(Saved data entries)
(* In the stochastic approximation setting described in the context (with $\mu>0$ chosen so that $\alpha_2>0$), let $\epsilon_k=\epsilon/(k+K)^\xi$ with $\epsilon>0$, $\xi\in(0,1]$, where $K=\max(1,\epsilon\alpha_3/\alpha_2)$ if $\xi=1$, and $K=\max\big(1,(\epsilon\alpha_3/\alpha_2)^{1/\xi},[2\xi/(\alpha_2\epsilon)]^{1/(1-\xi)}\big)$ if $\xi\in(0,1)$. Then for all $k\ge0$: (1) if $\xi=1$ and $\epsilon<1/\alpha_2$: $\mathbb{E}[\|x_k-x^*\|_c^2]\le\alpha_1\|x_0-x^*\|_c^2\left(\frac{K}{k+K}\right)^{\alpha_2\epsilon}+\frac{4\epsilon^2\alpha_4}{1-\alpha_2\epsilon}\frac{A+2B\|x^*\|_c^2}{(k+K)^{\alpha_2\epsilon}}$; (2) if $\xi=1$ and $\epsilon=1/\alpha_2$: $\mathbb{E}[\|x_k-x^*\|_c^2]\le\alpha_1\|x_0-x^*\|_c^2\frac{K}{k+K}+\frac{4\alpha_4}{\alpha_2^2}\frac{(A+2B\|x^*\|_c^2)\log(k+K)}{k+K}$; (3) if $\xi=1$ and $\epsilon>1/\alpha_2$: $\mathbb{E}[\|x_k-x^*\|_c^2]\le\alpha_1\|x_0-x^*\|_c^2\left(\frac{K}{k+K}\right)^{\alpha_2\epsilon}+\frac{4e\epsilon^2\alpha_4}{\alpha_2\epsilon-1}\frac{A+2B\|x^*\|_c^2}{k+K}$; (4) if $\xi\in(0,1)$: $\mathbb{E}[\|x_k-x^*\|_c^2]\le\alpha_1\|x_0-x^*\|_c^2\exp\left\{-\frac{\alpha_2\epsilon}{1-\xi}\left[(k+K)^{1-\xi}-K^{1-\xi}\right]\right\}+\frac{2\epsilon\alpha_4}{\alpha_2}\frac{A+2B\|x^*\|_c^2}{(k+K)^\xi}$.
   Context: Let $\|\cdot\|_c,\|\cdot\|_e$ be arbitrary norms on $\mathbb{R}^d$. Let $\mathcal H:\mathbb{R}^d\to\mathbb{R}^d$ satisfy $\|\mathcal H(x)-\mathcal H(y)\|_c\le\gamma\|x-y\|_c$ for all $x,y$, for some $\gamma\in(0,1)$, and let $x^*$ be its unique fixed point. Fix a deterministic $x_0\in\mathbb{R}^d$ and define $x_{k+1}=x_k+\epsilon_k(\mathcal H(x_k)-x_k+w_k)$, where $\{w_k\}$ are random vectors such that, letting $\mathcal F_k$ be the $\sigma$-algebra generated by $x_0,w_0,\dots,x_{k-1},w_{k-1},x_k$, for all $k\ge0$: $\mathbb{E}[w_k\mid\mathcal F_k]=0$ and $\mathbb{E}[\|w_k\|_e^2\mid\mathcal F_k]\le A+B\|x_k\|_e^2$ for constants $A,B>0$. A convex differentiable $h$ is $L$-smooth w.r.t. a norm $\|\cdot\|$ if $h(y)\le h(x)+\langle\nabla h(x),y-x\rangle+\frac L2\|x-y\|^2$ for all $x,y$. Let $\|\cdot\|_s$ be a norm such that $g(x)=\frac12\|x\|_s^2$ is $L$-smooth w.r.t. $\|\cdot\|_s$, and let $\ell_{cs},\ell_{es}\in(0,1]$, $u_{cs},u_{es}\in[1,\infty)$ satisfy $\ell_{cs}\|x\|_c\le\|x\|_s\le u_{cs}\|x\|_c$ and $\ell_{es}\|x\|_e\le\|x\|_s\le u_{es}\|x\|_e$ for all $x$. For $\mu>0$ define $\alpha_1=\frac{1+\mu/\ell_{cs}^2}{1+\mu/u_{cs}^2}$, $\alpha_2=1-\gamma\alpha_1^{1/2}$, $\alpha_3=\frac{4u_{cs}^2u_{es}^2(B+2)L(\ell_{cs}^2+\mu)}{\mu\ell_{cs}^2\ell_{es}^2}$, $\alpha_4=\frac{\alpha_3}{2(B+2)}$; $\mu$ is chosen so that $\alpha_2>0$. *)

theory Defs
  imports "HOL-Probability.Probability"
begin

definition is_norm :: "('a::real_vector \<Rightarrow> real) \<Rightarrow> bool" where
  "is_norm n \<longleftrightarrow> (\<forall>x. 0 \<le> n x) \<and> (\<forall>x. n x = 0 \<longleftrightarrow> x = 0)
     \<and> (\<forall>c x. n (c *\<^sub>R x) = \<bar>c\<bar> * n x) \<and> (\<forall>x y. n (x + y) \<le> n x + n y)"

definition L_smooth :: "('a::euclidean_space \<Rightarrow> real) \<Rightarrow> ('a \<Rightarrow> real) \<Rightarrow> real \<Rightarrow> bool" where
  "L_smooth h n L \<longleftrightarrow> convex_on UNIV h \<and>
     (\<exists>grad. (\<forall>x. (h has_derivative (\<lambda>v. grad x \<bullet> v)) (at x)) \<and>
        (\<forall>x y. h y \<le> h x + grad x \<bullet> (y - x) + L / 2 * (n (x - y))\<^sup>2))"

definition gen_filtr :: "'w measure \<Rightarrow> (nat \<Rightarrow> 'w \<Rightarrow> 'a::topological_space)
    \<Rightarrow> (nat \<Rightarrow> 'w \<Rightarrow> 'a) \<Rightarrow> nat \<Rightarrow> 'w measure" where
  "gen_filtr M x w k = sigma (space M)
     ((\<Union>i\<in>{..k}. {x i -` B \<inter> space M | B. B \<in> sets borel})
      \<union> (\<Union>i\<in>{..<k}. {w i -` B \<inter> space M | B. B \<in> sets borel}))"

end

theory Submission
  imports Defs
begin

text \<open>The Lyapunov function is the generalized Moreau envelope
  \<open>M(z) = min\<^sub>u (\<parallel>u\<parallel>\<^sub>c\<^sup>2 / 2 + \<parallel>z - u\<parallel>\<^sub>s\<^sup>2 / (2\<mu>))\<close>.
  It is squeezed between \<open>\<parallel>z\<parallel>\<^sub>c\<^sup>2 / (2(1 + \<mu>/l\<^sub>c\<^sub>s\<^sup>2))\<close> and \<open>\<parallel>z\<parallel>\<^sub>c\<^sup>2 / (2(1 + \<mu>/u\<^sub>c\<^sub>s\<^sup>2))\<close>,
  it is \<open>L/\<mu>\<close>-smooth with respect to \<open>\<parallel>\<cdot>\<parallel>\<^sub>s\<close>, and it is 2-homogeneous, so that
  \<open>\<langle>\<nabla>M(z), z\<rangle> = 2 M(z)\<close>. Expanding \<open>M\<close> along one step of the iteration with the smoothness
  inequality, bounding the drift term with the contraction property of \<open>H\<close> and killing the
  noise term with its vanishing conditional mean gives
  \<open>E M(x\<^sub>k\<^sub>+\<^sub>1 - x\<^sup>*) \<le> (1 - \<alpha>\<^sub>2 \<epsilon>\<^sub>k) E M(x\<^sub>k - x\<^sup>*) + \<epsilon>\<^sub>k\<^sup>2 D\<close> as soon as \<open>\<epsilon>\<^sub>k \<alpha>\<^sub>3 \<le> \<alpha>\<^sub>2\<close>.
  Unrolling the recursion bounds the error by the product \<open>\<Prod>\<^sub>j (1 - \<alpha>\<^sub>2 \<epsilon>\<^sub>j)\<close> and the damped
  sum \<open>\<Sum>\<^sub>i \<epsilon>\<^sub>i\<^sup>2 \<Prod>\<^sub>j\<^sub>>\<^sub>i (1 - \<alpha>\<^sub>2 \<epsilon>\<^sub>j)\<close>; for \<open>\<epsilon>\<^sub>k = \<epsilon> / (k + K)\<^sup>\<xi>\<close> both are compared with
  integrals of powers of \<open>k + K\<close>, which produces the four regimes.\<close>

section \<open>Norms given as functions\<close>

lemma is_normD:
  assumes "is_norm n"
  shows "0 \<le> n x" "n x = 0 \<longleftrightarrow> x = 0" "n (c *\<^sub>R x) = \<bar>c\<bar> * n x" "n (x + y) \<le> n x + n y"
  using assms unfolding is_norm_def by auto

▶ WHAT YOU HAVE TO DO
Retype nothing except the lines from the line holding "integrals of powers" through the last line of the entries, both included.

▶ EXERCISE ANSWER
  integrals of powers of \<open>k + K\<close>, which produces the four regimes.\<close>

section \<open>Norms given as functions\<close>

lemma is_normD:
  assumes "is_norm n"
  shows "0 \<le> n x" "n x = 0 \<longleftrightarrow> x = 0" "n (c *\<^sub>R x) = \<bar>c\<bar> * n x" "n (x + y) \<le> n x + n y"
  using assms unfolding is_norm_def by auto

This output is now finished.